1:00-2:30 Adventures in the chromatin jungle:
Nucleosome evolution and interactions
Karolin Luger, University of Colorado, Boulder
Invariably, all eukaryotes organize their DNA into nucleosomes, consisting of an octamer of the four core histone proteins H2A, H2B, H3, and H4, around which 147 base pairs of DNA are wrapped in two tight superhelical turns. With the discovery of small histone-like proteins in most known Archaea, the likely origin of this fold was identified. Most Archaea encode only one or two minimal histones that form polymers around which DNA coils in a quasi-continuous superhelix rather than forming defined particles. I will discuss implications of this discovery for the evolutionary origins of eukaryotic chromatin.

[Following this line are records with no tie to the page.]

lemma finite_boundary_crossers:
  assumes "lpp m k S g"
  shows "finite (boundary_crossers S g w)"
proof -
  obtain B where B: "\<And>x. x \<in> S \<Longrightarrow> \<bar>g x - x\<bar> \<le> B"
    using lpp_displacement_bounded[OF assms] by blast
  have "boundary_crossers S g w \<subseteq> {w - B .. w + B}"
  proof
    fix i assume "i \<in> boundary_crossers S g w"
    then have "i \<in> S" "(w \<le> i) \<noteq> (w \<le> g i)" by (simp_all add: boundary_crossers_def)
    with B[of i] show "i \<in> {w - B .. w + B}" by auto
  qed
  then show ?thesis by (rule finite_subset) simp
qed

lemma boundary_crossed_at_most_once:
  assumes lg: "lpp m k S g" and lf: "lpp m k' T f" and T: "T = g ` S"
    and sub: "crossing_pairs S g \<subseteq> crossing_pairs S (f \<circ> g)"
    and refl: "refl2 (2 * w - 1) \<in> Gm m"
    and i: "i \<in> boundary_crossers S g w"
  shows "g i \<notin> boundary_crossers T f w"
proof
  assume gi: "g i \<in> boundary_crossers T f w"
  let ?r = "refl2 (2 * w - 1)"
  have r_flip: "x < w \<longleftrightarrow> w \<le> ?r x" for x unfolding refl2_def by linarith
  have r_S: "?r x \<in> S" if "x \<in> S" for x using lpp_closed[OF lg] refl that by blast
  have r_g: "g (?r x) = ?r (g x)" if "x \<in> S" for x using lpp_equivariant[OF lg] refl that by blast
  have r_fg: "f (g (?r x)) = ?r (f (g x))" if "x \<in> S" for x
    using lpp_equivariant[OF lf] refl that r_g[OF that] T by simp
  have iS: "i \<in> S" and flips: "(w \<le> i) \<noteq> (w \<le> g i)" "(w \<le> g i) \<noteq> (w \<le> f (g i))"
    using i gi by (simp_all add: boundary_crossers_def)
  obtain i' where i': "i' \<in> S" "i' < w" "w \<le> g i'" "f (g i') < w"
  proof (cases "w \<le> i")
    case True
    with flips have "?r i < w" "w \<le> g (?r i)" "f (g (?r i)) < w"
      using r_flip r_g[OF iS] r_fg[OF iS] by (metis not_le)+
    then show ?thesis using that r_S[OF iS] by blast
  next
    case False
    with flips show ?thesis using that iS by auto
  qed
  have "i' < ?r i'" "g (?r i') < g i'" "f (g i') < f (g (?r i'))"
    using i' r_g[OF i'(1)] r_fg[OF i'(1)] by (simp_all add: refl2_def)
  then have "(i', ?r i') \<in> crossing_pairs S g" "(i', ?r i') \<notin> crossing_pairs S (f \<circ> g)"
    using i'(1) r_S[OF i'(1)] by (simp_all add: crossing_pairs_def)
  then show False using sub by blast
qed
lemma affine_deep_params:
  "affine deep_params (offs ll k) (ll ! Suc k) (ll ! k) = layer (deep_matrix (Suc k)) (ll ! Suc k) (ll ! k)"
  unfolding deep_params_def by (rule affine_params_of_layers)

lemma width_le: "k \<le> K \<Longrightarrow> l ! k \<le> ll ! k"
  using input_width wider by (cases k) auto

lemma hidden_deep_params_below:
  assumes "length x = l ! 0" "k \<le> K"
  shows "hidden deep_params ll k x = hidden \<theta> l k x @ replicate (ll ! k - l ! k) 0"
  using assms(2)
proof (induction k)
  case 0
  then show ?case using input_width by simp
next
  case (Suc k)
  then have "layer (deep_matrix (Suc k)) (ll ! Suc k) (ll ! k) (hidden \<theta> l k x @ replicate (ll ! k - l ! k) 0)
      = affine \<theta> (offs l k) (l ! Suc k) (l ! k) (hidden \<theta> l k x) @ replicate (ll ! Suc k - l ! Suc k) 0"
    using width_le by (simp add: deep_matrix_def affine_eq_layer layer_pad_matrix length_hidden assms(1))
  with Suc show ?case
    by (simp add: affine_deep_params)
qed

lemma hidden_deep_params_above:
  assumes "length x = l ! 0" "Suc K \<le> k" "k < LL"
  shows "hidden deep_params ll k x
    = relu (unclipped x) @ relu (map uminus (unclipped x)) @ replicate (ll ! k - 2 * l ! Suc K) 0"
  using assms(2,3)
proof (induction k rule: dec_induct)
  case base
  then have "layer (deep_matrix (Suc K)) (ll ! Suc K) (ll ! K) (hidden \<theta> l K x @ replicate (ll ! K - l ! K) 0)
      = unclipped x @ map uminus (unclipped x) @ replicate (ll ! Suc K - 2 * l ! Suc K) 0"
    using width_le[of K] wide_tail[of "Suc K"]
    by (simp add: deep_matrix_def layer_mirror_matrix layer_pad_matrix length_hidden assms(1) unclipped_def affine_eq_layer)
  then show ?case
    using hidden_deep_params_below[OF assms(1), of K] by (simp add: affine_deep_params)
next
  case (step n)
  let ?h = "hidden deep_params ll n x"
  have "length ?h = ll ! n"
    using step wide_tail[of n] by simp
  then have "layer (deep_matrix (Suc n)) (ll ! Suc n) (ll ! n) ?h
      = take (2 * l ! Suc K) ?h @ replicate (ll ! Suc n - 2 * l ! Suc K) 0"
    using step wide_tail[of n] wide_tail[of "Suc n"] layer_identity_on[of "2 * l ! Suc K" "ll ! Suc n" ?h]
    by (simp add: deep_matrix_def)
  also have "take (2 * l ! Suc K) ?h = relu (unclipped x) @ relu (map uminus (unclipped x))"
    using step by simp
  finally show ?case
    by (simp add: affine_deep_params)
qed

lemma realization_deep_params:
  assumes "length x = l ! 0"
  shows "realization u v deep_params ll x = realization u v \<theta> l x"
proof (cases "LL = Suc K")
  case True
  let ?h = "hidden \<theta> l K x @ replicate (ll ! K - l ! K) 0"
  have "affine deep_params (offs ll K) (ll ! Suc K) (ll ! K) (hidden deep_params ll K x)
      = layer (deep_matrix (Suc K)) (ll ! Suc K) (ll ! K) ?h"
    unfolding hidden_deep_params_below[OF assms order_refl] by (simp only: affine_deep_params)
  also have "\<dots> = layer (pad_matrix (l ! Suc K) (l ! K) (layer_matrix \<theta> l (Suc K))) (l ! Suc K) (ll ! K) ?h"
    using output_width[unfolded True] by (simp add: deep_matrix_def layer_mirror_matrix_same)
  also have "\<dots> = unclipped x"
    using width_le[of K] by (simp add: layer_pad_matrix length_hidden assms unclipped_def affine_eq_layer)
  finally show ?thesis
    using True length_ll by (simp add: realization_eq_clip realization_theta)
next
  case False
  then obtain M where LL: "LL = Suc M" "Suc K \<le> M"
    using depth_le by (cases LL) auto
  let ?a = "l ! Suc K" and ?h = "hidden deep_params ll M x"
  have h: "?h = relu (unclipped x) @ relu (map uminus (unclipped x)) @ replicate (ll ! M - 2 * ?a) 0"
    using LL by (intro hidden_deep_params_above assms) auto
  moreover have "2 * ?a \<le> ll ! M"
    using LL wide_tail by simp
  ultimately have len: "length ?h = ll ! M"
    by simp
  have "deep_matrix (Suc M) = difference_matrix ?a"
    unfolding deep_matrix_def using LL by simp
  moreover have "ll ! Suc M = ?a"
    using LL output_width by simp
  ultimately have "affine deep_params (offs ll M) (ll ! Suc M) (ll ! M) ?h
      = layer (difference_matrix ?a) ?a (length ?h) ?h"
    unfolding affine_deep_params by (simp only: len)
  also have "\<dots> = map (\<lambda>i. ?h ! i - ?h ! (i + ?a)) [0..<?a]"
    using \<open>2 * ?a \<le> ll ! M\<close> len by (intro layer_difference_matrix) simp
  also have "\<dots> = unclipped x"
    by (rule nth_equalityI) (simp_all add: h nth_append)
  finally show ?thesis
    using length_ll unfolding LL(1) by (simp add: realization_eq_clip realization_theta)
qed

end

theorem lemma2p30:
  fixes u v :: ereal and L LL d dd :: nat and \<theta> :: "nat \<Rightarrow> real" and l ll :: "nat list"
  assumes "u \<noteq> \<infinity>" and "u < v"
    and "L \<ge> 1" and "LL \<ge> 1" and "d \<ge> 1" and "dd \<ge> 1"
    and "length l = L + 1" and "length ll = LL + 1"
    and "\<forall>i\<le>L. l ! i \<ge> 1" and "\<forall>i\<le>LL. ll ! i \<ge> 1"
    and "d \<ge> offs l L" and "dd \<ge> offs ll LL"
    and "LL \<ge> L" and "ll ! 0 = l ! 0" and "ll ! LL = l ! L"
    and "\<forall>i. 1 \<le> i \<and> i < L \<longrightarrow> ll ! i \<ge> l ! i"
    and "\<forall>i. 1 \<le> i \<and> L - 1 < i \<and> i < LL \<longrightarrow> ll ! i \<ge> 2 * l ! L"
  shows "\<exists>\<phi> :: nat \<Rightarrow> real. maxnorm dd \<phi> \<le> max 1 (maxnorm d \<theta>) \<and>
           (\<forall>x. length x = l ! 0 \<longrightarrow> realization u v \<phi> ll x = realization u v \<theta> l x)"
proof -
  obtain K where L: "L = Suc K"
    using assms(3) by (cases L) auto
  interpret deepening \<theta> l ll K LL
    using assms unfolding L by unfold_locales auto
  have "maxnorm dd deep_params \<le> max 1 (maxnorm d \<theta>)"
    using assms(6,11) unfolding L by (rule maxnorm_deep_params_le)
  then show ?thesis
    using realization_deep_params by blast
qed

end
lemma ideal_gen_UNIV_eq_span: "ideal_gen UNIV S = ring_module.span S"
  unfolding ideal_gen_def ring_module.span_explicit by blast

lemma subspace_colon:
  assumes J: "ring_module.subspace J"
  shows "ring_module.subspace {h. a * h \<in> J}"
  unfolding ring_module.subspace_def mem_Collect_eq Ball_def
proof (intro conjI allI impI)
  show "a * 0 \<in> J" using ring_module.subspace_0[OF J] by simp
  show "a * (h + k) \<in> J" if "a * h \<in> J" "a * k \<in> J" for h k
    using ring_module.subspace_add[OF J that] by (simp add: distrib_left)
  show "a * (c * h) \<in> J" if "a * h \<in> J" for c h
    using ring_module.subspace_scale[OF J that, of c] by (simp only: mult.left_commute)
qed

lemma graph_on_edgeD: "graph_on n G \<Longrightarrow> (a, b) \<in> G \<Longrightarrow> 1 \<le> a \<and> a < b \<and> b \<le> n"
  unfolding graph_on_def by auto

lemma graph_on_finite: "graph_on n G \<Longrightarrow> finite G"
  unfolding graph_on_def by (rule finite_subset[of _ "{1..n} \<times> {1..n}"]) auto

lemma finite_nbrs: "finite G \<Longrightarrow> finite (nbrs G i)"
  unfolding nbrs_def by (rule finite_subset[of _ "snd ` G \<union> fst ` G"]) force+

lemma nbrs_not_self: "graph_on n G \<Longrightarrow> j \<in> nbrs G i \<Longrightarrow> j \<noteq> i"
  unfolding graph_on_def nbrs_def by auto

lemma sv_commute: "sv i j = sv j i"
  unfolding sv_def by (simp add: min.commute max.commute)

lemma xv_diff_neq_zero:
  assumes "i \<noteq> j"
  shows "xv i - xv j \<noteq> 0"
proof
  let ?m = "Poly_Mapping.single (XV i) (1::nat)"
  assume "xv i - xv j = 0"
  then have "Poly_Mapping.lookup (xv i) ?m = Poly_Mapping.lookup (xv j) ?m" by simp
  moreover have "Poly_Mapping.single (XV j) (1::nat) \<noteq> ?m"
    using assms by (metis lookup_single_eq lookup_single_not_eq one_neq_zero var.inject(1))
  ultimately show False by (simp add: xv_def Var_def lookup_single)
qed

lemma denomG_neq_zero: "graph_on n G \<Longrightarrow> denomG G \<noteq> 0"
  unfolding denomG_def edge_fac_def
  using graph_on_finite xv_diff_neq_zero by (force simp: graph_on_def)

lemma denomG_remove: "finite G \<Longrightarrow> e \<in> G \<Longrightarrow> denomG G = edge_fac e * (\<Prod>e'\<in>G - {e}. edge_fac e')"
  unfolding denomG_def by (rule prod.remove)

definition nbr_prod :: "(nat \<times> nat) set \<Rightarrow> nat \<Rightarrow> mpoly" where
  "nbr_prod G i = (\<Prod>j\<in>nbrs G i. xv i - xv j)"

lemma nbr_prod_neq_zero:
  assumes "graph_on n G"
  shows "nbr_prod G i \<noteq> 0"
proof -
  have "finite (nbrs G i)" using assms by (intro finite_nbrs graph_on_finite)
  moreover have "xv i - xv j \<noteq> 0" if "j \<in> nbrs G i" for j
    using nbrs_not_self[OF assms that] by (intro xv_diff_neq_zero) simp
  ultimately show ?thesis unfolding nbr_prod_def by simp
qed
abbreviation rank :: nat where "rank \<equiv> vec_space.rank p A"

lemma U_carrier: "U \<in> carrier_mat p rank"
  and S_carrier: "S \<in> carrier_mat rank rank"
  and V_carrier: "V \<in> carrier_mat rank n"
  and U_transpose_mult: "transpose_mat U * U = 1\<^sub>m rank"
  and V_mult_transpose: "V * transpose_mat V = 1\<^sub>m rank"
  and S_diagonal: "\<And>i j. i < rank \<Longrightarrow> j < rank \<Longrightarrow> i \<noteq> j \<Longrightarrow> S $$ (i,j) = 0"
  and S_pos: "\<And>i. i < rank \<Longrightarrow> 0 < S $$ (i,i)"
  and S_decreasing: "\<And>i j. i \<le> j \<Longrightarrow> j < rank \<Longrightarrow> S $$ (j,j) \<le> S $$ (i,i)"
  and A_eq_svd: "A = U * S * V"
  using svd unfolding compact_svd_def Let_def by auto

lemma A_entry_svd:
  assumes "a < p" "j < n"
  shows "A $$ (a,j) = (\<Sum>l<rank. U $$ (a,l) * S $$ (l,l) * V $$ (l,j))"
proof -
  have SV: "(\<Sum>m<rank. S $$ (l,m) * V $$ (m,j)) = S $$ (l,l) * V $$ (l,j)" if "l < rank" for l
  proof -
    have "(\<Sum>m<rank. S $$ (l,m) * V $$ (m,j)) = (\<Sum>m<rank. if l = m then S $$ (l,l) * V $$ (l,j) else 0)"
      using that S_diagonal by (intro sum.cong refl) auto
    then show ?thesis using that by simp
  qed
  have "A $$ (a,j) = (U * S * V) $$ (a,j)" by (simp only: A_eq_svd[symmetric])
  also have "\<dots> = (\<Sum>l<rank. U $$ (a,l) * (\<Sum>m<rank. S $$ (l,m) * V $$ (m,j)))"
    using assms U_carrier S_carrier V_carrier by (simp add: scalar_prod_def atLeast0LessThan)
  also have "\<dots> = (\<Sum>l<rank. U $$ (a,l) * S $$ (l,l) * V $$ (l,j))"
    by (intro sum.cong refl) (simp add: SV)
  finally show ?thesis .
qed

sublocale ky_fan_setting "\<lambda>a j. A $$ (a,j)" "\<lambda>a l. U $$ (a,l)" "\<lambda>l j. V $$ (l,j)"
  "\<lambda>l. S $$ (l,l)" p n rank
proof
  have "orthonormal_rows rank p (\<lambda>l a. transpose_mat U $$ (l,a))"
    using orthonormal_rows_iff_mult_transpose[of "transpose_mat U" rank p] U_carrier
      U_transpose_mult by simp
  then show "orthonormal_rows rank p (\<lambda>l a. U $$ (a,l))"
    using U_carrier unfolding orthonormal_rows_def by simp
  show "orthonormal_rows rank n (\<lambda>l j. V $$ (l,j))"
    using orthonormal_rows_iff_mult_transpose[OF V_carrier] V_mult_transpose by simp
qed (use A_entry_svd S_pos S_decreasing in auto)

Nucleosomes are highly abundant, and all nuclear factors have to operate in this structural context. Poly(ADP-ribose) polymerase 1 (PARP1) and the less abundant PARP2 together are essential for the DNA damage repair response in all eukaryotic cells. PARP1 and PARP2 bind tightly to chromatin and nucleosomes, yet are rapidly recruited to sites of DNA damage. Using live-cell imaging coupled with mathematical modeling, we studied the rapid recruitment of PARP1 to sites of DNA damage in vivo. Combined with millisecond timescale measurements of DNA binding to PARP1 in vitro, we arrived at a mechanism for PARP1 movement in the nucleus.